Теперь Франциск переключился на Ломбардию. В октябре 1523 года 18-тысячная французская армия под командованием Гийома Гуфье де Бониве двинулась через Пьемонт к Новаре, где соединилась с войском швейцарских наёмников примерно такого же размера. Просперо Колонна, у которого было всего 9 тысяч человек, отступил в Милан. Однако Гуфье де Бониве переоценил размер имперской армии, и вместо атаки города расположился на зимние квартиры. К 28 декабря, когда умершего Колонну заменил на его посту Шарль де Ланнуа, имперцы сумели собрать ещё 15 тысяч ландскнехтов и большое войско под командованием де Бурбона, а многие швейцарцы покинули французскую армию, и Гуфье де Бониве начал отступление. Поражение французов в сражении на реке Сезия, где погиб командовавший арьергардом Баярд, продемонстрировало превосходство групп аркебузеров над более традиционными войсками; французская армия отступила через Альпы в беспорядке.

Фернандо д’Авалос и Карл III де Бурбон, имея под командованием около 11 тысяч человек, пересекли Альпы и в начале июля вторглись в Прованс. Пройдя без сопротивления через большинство мелких населённых пунктов, Бурбон 9 августа вошёл в столицу провинции — город Экс-ан-Прованс — и провозгласил себя «графом Провансским», признав ленную зависимость от Генриха VIII в обмен на поддержку последним борьбы против Франциска. В середине августа де Бурбон и д’Авалос осадили Марсель — последнюю крепость Прованса, остававшуюся во французских руках.

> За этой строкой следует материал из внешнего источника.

lemma not_proportional_if_pair:
  assumes "pair \<delta> P \<noteq> 0" and "pair \<epsilon> P = 0" and "\<epsilon> \<noteq> (\<lambda>_. 0)"
  shows "\<not> proportional \<delta> \<epsilon>"
proof
  assume "proportional \<delta> \<epsilon>"
  then obtain a b where "a \<noteq> 0 \<or> b \<noteq> 0" and dep: "(\<lambda>j. a * \<delta> j + b * \<epsilon> j) = (\<lambda>_. 0)"
    unfolding proportional_def by auto
  have "a * pair \<delta> P + b * pair \<epsilon> P = pair (\<lambda>j. a * \<delta> j + b * \<epsilon> j) P"
    by (rule pair_lincomb[symmetric])
  also have "\<dots> = 0"
    unfolding dep by (simp add: pair_def)
  finally have "a * pair \<delta> P = 0"
    using \<open>pair \<epsilon> P = 0\<close> by simp
  with assms(1) have "a = 0" by simp
  with dep \<open>a \<noteq> 0 \<or> b \<noteq> 0\<close> have "\<epsilon> = (\<lambda>_. 0)" by (simp add: fun_eq_iff)
  with assms(3) show False ..
qed

lemma Delta_ad_power_in_lie_gen:
  assumes A: "Delta p \<beta> \<in> lie_gen S" and B: "Delta q \<gamma> \<in> lie_gen S"
  shows "\<exists>d. Delta (\<lambda>j. q j + s * p j)
      (\<lambda>j. (\<Prod>i<s. pair \<beta> q + of_nat i * pair \<beta> p) * \<gamma> j + d * \<beta> j) \<in> lie_gen S"
proof (induction s)
  case 0
  show ?case using B by (intro exI[of _ 0]) simp
next
  case (Suc s)
  let ?c = "\<Prod>i<s. pair \<beta> q + of_nat i * pair \<beta> p"
  obtain d where "Delta (\<lambda>j. q j + s * p j) (\<lambda>j. ?c * \<gamma> j + d * \<beta> j) \<in> lie_gen S"
    using Suc.IH by blast
  from Delta_bracket_in_lie_gen[OF A this]
  have "Delta (\<lambda>j. p j + (q j + s * p j))
      (\<lambda>j. pair \<beta> (\<lambda>j. 1 * q j + s * p j) * (?c * \<gamma> j + d * \<beta> j)
        - pair (\<lambda>j. ?c * \<gamma> j + d * \<beta> j) p * \<beta> j) \<in> lie_gen S"
    by simp
  also have "(\<lambda>j. p j + (q j + s * p j)) = (\<lambda>j. q j + Suc s * p j)"
    by auto
  also have "(\<lambda>j. pair \<beta> (\<lambda>j. 1 * q j + s * p j) * (?c * \<gamma> j + d * \<beta> j)
        - pair (\<lambda>j. ?c * \<gamma> j + d * \<beta> j) p * \<beta> j)
      = (\<lambda>j. (\<Prod>i<Suc s. pair \<beta> q + of_nat i * pair \<beta> p) * \<gamma> j
        + ((pair \<beta> q + of_nat s * pair \<beta> p) * d - pair (\<lambda>j. ?c * \<gamma> j + d * \<beta> j) p) * \<beta> j)"
    unfolding pair_degree_lincomb by (simp add: algebra_simps)
  finally show ?case
    by blast
qed

lemma Delta_chain_root:
  fixes \<beta> \<gamma> :: "'n::finite \<Rightarrow> 'k::field"
  assumes fin: "fin_dim_ops (lie_gen S)"
    and A: "Delta p \<beta> \<in> lie_gen S" and B: "Delta q \<gamma> \<in> lie_gen S"
    and "p \<noteq> (\<lambda>_. 0)" and "\<not> proportional \<beta> \<gamma>"
  obtains s :: nat where "pair \<beta> q + of_nat s * pair \<beta> p = 0"
proof (rule ccontr)
  assume no_root: "\<not> thesis"
  show False
  proof (rule fin_dim_no_Delta_ray[OF fin \<open>p \<noteq> (\<lambda>_. 0)\<close>])
    fix s :: nat
    let ?c = "\<Prod>i<s. pair \<beta> q + of_nat i * pair \<beta> p"
    obtain d where "Delta (\<lambda>j. q j + s * p j) (\<lambda>j. ?c * \<gamma> j + d * \<beta> j) \<in> lie_gen S"
      using Delta_ad_power_in_lie_gen[OF A B] by blast
    moreover have "(\<lambda>j. ?c * \<gamma> j + d * \<beta> j) \<noteq> (\<lambda>_. 0)"
    proof (rule lincomb_nonzero_if_not_proportional)
      show "\<not> proportional \<gamma> \<beta>"
        using \<open>\<not> proportional \<beta> \<gamma>\<close> by (simp add: proportional_commute)
      show "?c \<noteq> 0 \<or> d \<noteq> 0"
        using no_root that by auto
    qed
    ultimately show "\<exists>\<delta>. \<delta> \<noteq> (\<lambda>_. 0) \<and> Delta (\<lambda>j. q j + s * p j) \<delta> \<in> lie_gen S"
      by blast
  qed
qed
(* Let $i\geq1$ and let $\tau$ be an SSRCT of shape $\alpha$ such that the partition $\widetilde\alpha$ has an addable node in column $i+1$. Then $\phi_{i+1}(\tau)$ has shape $\mathfrak{d}_i(\alpha)$.
   Context: Compositions (positive parts) are drawn as reverse composition diagrams: row $r$ from the top has $\alpha_r$ left-justified boxes; $\widetilde\alpha$ is the partition obtained by sorting the parts of $\alpha$ decreasingly; an addable node of a partition is a position whose addition gives a partition. An SSRCT of shape $\alpha$ is a filling by positive integers with rows weakly decreasing left to right, first column strictly increasing top to bottom, and: for rows $r<s$ and column $c$ with $(s,c+1)\in\alpha$, if $(r,c)\in\alpha$ and $\tau(r,c)\geq\tau(s,c+1)$ then $(r,c+1)\in\alpha$ and $\tau(r,c+1)>\tau(s,c+1)$. $\mathfrak{d}_i(\alpha)$ is obtained by subtracting $1$ from the rightmost part of $\alpha$ equal to $i$ and omitting a resulting $0$. $\phi_{i+1}$: set $\tau(r,c)=0$ outside $\alpha$; let $r_1$ be the largest index with $\alpha_{r_1}=i$, and for $j\geq2$ let $r_j$ be the largest $r<r_{j-1}$ with $\tau(r,i)>\tau(r_{j-1},i)\geq\tau(r,i+1)$, ending at $r_k$. $\phi_{i+1}(\tau)$ is obtained by placing, for $j=k,\ldots,2$, the original entry $\tau(r_{j-1},i)$ into box $(r_j,i)$ and deleting box $(r_1,i)$ (deleting the row if it becomes empty). *)

theory Defs
  imports Main
begin

(* Conventions: a composition / partition is a list of naturals; rows and columns are
   indexed from 1; row r (from the top) of alpha has  alpha ! (r - 1)  boxes. *)

definition is_composition :: "nat list \<Rightarrow> bool" where
  "is_composition \<alpha> \<longleftrightarrow> (\<forall>p\<in>set \<alpha>. 0 < p)"

definition diagram :: "nat list \<Rightarrow> (nat \<times> nat) set" where
  "diagram \<alpha> = {(r, c). 1 \<le> r \<and> r \<le> length \<alpha> \<and> 1 \<le> c \<and> c \<le> \<alpha> ! (r - 1)}"

definition sort_dec :: "nat list \<Rightarrow> nat list" where
  "sort_dec \<alpha> = rev (sort \<alpha>)"

definition is_partition_shape :: "(nat \<times> nat) set \<Rightarrow> bool" where
  "is_partition_shape S \<longleftrightarrow> finite S \<and>
     (\<forall>(r, c)\<in>S. 1 \<le> r \<and> 1 \<le> c \<and>
        (1 < r \<longrightarrow> (r - 1, c) \<in> S) \<and> (1 < c \<longrightarrow> (r, c - 1) \<in> S))"

definition addable :: "nat list \<Rightarrow> nat \<times> nat \<Rightarrow> bool" where
  "addable la x \<longleftrightarrow> x \<notin> diagram la \<and> is_partition_shape (insert x (diagram la))"

(* semistandard reverse composition tableau of shape alpha (entries outside alpha irrelevant) *)
definition ssrct :: "nat list \<Rightarrow> (nat \<Rightarrow> nat \<Rightarrow> nat) \<Rightarrow> bool" where
  "ssrct \<alpha> \<tau> \<longleftrightarrow> is_composition \<alpha> \<and>
     (\<forall>(r, c)\<in>diagram \<alpha>. 0 < \<tau> r c) \<and>
     (\<forall>r c. (r, c + 1) \<in> diagram \<alpha> \<longrightarrow> \<tau> r c \<ge> \<tau> r (c + 1)) \<and>
     (\<forall>r s. r < s \<longrightarrow> (r, 1) \<in> diagram \<alpha> \<longrightarrow> (s, 1) \<in> diagram \<alpha> \<longrightarrow> \<tau> r 1 < \<tau> s 1) \<and>
     (\<forall>r s c. r < s \<longrightarrow> (s, c + 1) \<in> diagram \<alpha> \<longrightarrow> (r, c) \<in> diagram \<alpha> \<longrightarrow>
        \<tau> r c \<ge> \<tau> s (c + 1) \<longrightarrow>
        ((r, c + 1) \<in> diagram \<alpha> \<and> \<tau> r (c + 1) > \<tau> s (c + 1)))"

definition ext0 :: "nat list \<Rightarrow> (nat \<Rightarrow> nat \<Rightarrow> nat) \<Rightarrow> nat \<Rightarrow> nat \<Rightarrow> nat" where
  "ext0 \<alpha> \<tau> r c = (if (r, c) \<in> diagram \<alpha> then \<tau> r c else 0)"

definition last_row :: "nat list \<Rightarrow> nat \<Rightarrow> nat" where
  "last_row \<alpha> i = (GREATEST r. 1 \<le> r \<and> r \<le> length \<alpha> \<and> \<alpha> ! (r - 1) = i)"

definition next_row :: "nat list \<Rightarrow> (nat \<Rightarrow> nat \<Rightarrow> nat) \<Rightarrow> nat \<Rightarrow> nat \<Rightarrow> nat" where
  "next_row \<alpha> \<tau> i r =
     (let P = (\<lambda>r'. 1 \<le> r' \<and> r' < r \<and>
                  ext0 \<alpha> \<tau> r' i > ext0 \<alpha> \<tau> r i \<and> ext0 \<alpha> \<tau> r i \<ge> ext0 \<alpha> \<tau> r' (i + 1))
      in if \<exists>r'. P r' then (GREATEST r'. P r') else 0)"

(* the sequence r, next, next, ... until it stops (fuel n suffices since rows decrease) *)
primrec chain_aux :: "nat list \<Rightarrow> (nat \<Rightarrow> nat \<Rightarrow> nat) \<Rightarrow> nat \<Rightarrow> nat \<Rightarrow> nat \<Rightarrow> nat list" where
  "chain_aux \<alpha> \<tau> i 0 r = [r]"
| "chain_aux \<alpha> \<tau> i (Suc n) r =
     (let r' = next_row \<alpha> \<tau> i r in if r' = 0 then [r] else r # chain_aux \<alpha> \<tau> i n r')"

definition phi_chain :: "nat list \<Rightarrow> (nat \<Rightarrow> nat \<Rightarrow> nat) \<Rightarrow> nat \<Rightarrow> nat list" where
  "phi_chain \<alpha> \<tau> i = chain_aux \<alpha> \<tau> i (last_row \<alpha> i) (last_row \<alpha> i)"

definition tab_map :: "nat list \<Rightarrow> (nat \<Rightarrow> nat \<Rightarrow> nat) \<Rightarrow> (nat \<times> nat) \<Rightarrow> nat option" where
  "tab_map \<alpha> \<tau> x = (if x \<in> diagram \<alpha> then Some (\<tau> (fst x) (snd x)) else None)"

Однако атака на город провалилась, и когда в конце сентября в Авиньон прибыла французская армия, которую вёл лично Франциск I — им пришлось отступить в Италию.

Павия

В середине октября 1524 года французская 40-тысячная армия, которой командовал лично Франциск I, перешла через Альпы и двинулась к Милану. Де Бурбон и д’Авалос, чьи войска ещё не пришли в себя после кампании в Провансе, не могли оказать серьёзного сопротивления, но и французской армии, двигавшейся несколькими колоннами, не удалось навязать сражения основной массе имперских войск. 26 октября Шарль де Ланнуа, у которого было 16 тысяч человек, узнав, что к Милану приближается 33-тысячная французская армия, решил, что он не сможет удержать город, и отступил в Лоди. Вступив в Милан и назначив Луи де ла Тремуйля губернатором, Франциск (под влиянием Гуфье де Бониве и вопреки советам других старших командиров, предпочитавших более энергичное преследование отступавшего де Ланноя) двинулся к Павии, где остался Антонио де Лейва с имперским гарнизоном достаточно большого размера.

Основная масса французских войск прибыла к Павии в конце октября. 2 ноября Анн де Монморанси перешёл реку Тичино и блокировал город с юга, завершив окружение. Внутри городских стен находилось 9 тысяч солдат — в основном наёмники, которым де Лейва мог платить лишь за счёт переплавки церковной утвари. В результате артиллерийской бомбардировке осаждающим удалось к середине ноября сделать несколько проломов в городских стенах. 21 ноября французы попытались ворваться в город через два из них, но были отбиты с большими потерями. Наступила дождливая погода, у французов стал заканчиваться порох, и они решили подождать, пока осаждённые не начнут умирать с голоду.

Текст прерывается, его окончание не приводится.